# Your goal
Say how many lines in the records include the string "vanish", adding no other words.

Dataset entries:
------------------------------------

theorem mainTheorem12:
  fixes V :: "'v set" and G :: "('v \<Rightarrow> bool) \<Rightarrow> real"
  assumes sigG: "is_signature V G"
    and notIM: "\<not> IM_terraced V G"
    and pinsIM: "\<And>D p. D \<subseteq> V \<Longrightarrow> D \<noteq> {} \<Longrightarrow> IM_terraced (V - D) (pin G D p)"
  shows "\<exists>(k::nat) (\<sigma>::nat \<Rightarrow> 'v) (F :: (nat \<Rightarrow> bool) \<Rightarrow> real).
           3 \<le> k \<and> bij_betw \<sigma> {1..k} V \<and> is_signature {1..k} F \<and>
           (\<forall>y. G y = F (y \<circ> \<sigma>)) \<and>
           (\<forall>x. F (x(1 := False, 2 := True)) = 0) \<and>
           (\<exists>(z :: nat \<Rightarrow> bool) (T :: bool \<Rightarrow> bool \<Rightarrow> real).
              (\<forall>a b. 0 \<le> T a b) \<and> \<not> degenerate2 T \<and>
              (\<forall>(x::bool) (y :: nat \<Rightarrow> bool).
                 F (y(1 := x, 2 := x)) =
                   (if (\<forall>i\<in>{3..k}. y i = z i) \<or> (\<forall>i\<in>{3..k}. y i = (\<not> z i))
                    then T (y 3) x else 0)))"
proof -
  have pins: "pinnings_IM_terraced V G"
    using pinsIM unfolding pinnings_IM_terraced_def by blast
  obtain i j where ij: "i \<in> V" "j \<in> V" "i \<noteq> j"
    and vanish: "\<forall>y. y i = False \<longrightarrow> y j = True \<longrightarrow> G y = 0"
    and indep: "\<not> lin_dep (diag_slice G i j True) (diag_slice G i j False)"
    by (rule pair_witness[OF notIM pins])
  obtain u w0 T where w0: "w0 \<in> V - {i, j}" and T: "\<forall>a b. 0 \<le> T a b" "\<not> degenerate2 T"
    and normal: "\<forall>x Y. G (Y(i := x, j := x)) =
              (if (\<forall>w\<in>V - {i, j}. Y w = u w) \<or> (\<forall>w\<in>V - {i, j}. Y w = (\<not> u w))
               then T (Y w0) x else 0)"
    by (rule diagonal_normal_form[OF sigG pins ij vanish indep])
  obtain k :: nat and \<sigma> F where k: "3 \<le> k" and bij: "bij_betw \<sigma> {1..k} V"
    and F: "is_signature {1..k} F" "\<forall>y. G y = F (y \<circ> \<sigma>)"
    and \<sigma>3: "\<sigma> 3 = w0" and W: "V - {i, j} = \<sigma> ` {3..k}"
    and inv: "\<forall>m\<in>{1..k}. inv_into {1..k} \<sigma> (\<sigma> m) = m"
    and F_pair: "\<forall>y a b. F (y(1 := a, 2 := b)) = G ((y \<circ> inv_into {1..k} \<sigma>)(i := a, j := b))"
    by (rule relabel_pair_first[OF sigG ij w0])
  have "\<forall>x. F (x(1 := False, 2 := True)) = 0"
    using F_pair vanish ij(3) by simp
  moreover have "\<forall>x y. F (y(1 := x, 2 := x)) =
      (if (\<forall>m\<in>{3..k}. y m = (u \<circ> \<sigma>) m) \<or> (\<forall>m\<in>{3..k}. y m = (\<not> (u \<circ> \<sigma>) m))
       then T (y 3) x else 0)"
    using F_pair normal inv k unfolding W \<sigma>3[symmetric] by simp
  ultimately show ?thesis
    using k bij F T by (intro exI[of _ k] exI[of _ \<sigma>] exI[of _ F] exI[of _ "u \<circ> \<sigma>"] exI[of _ T] conjI)
qed

end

------------------------------------

# Response area
3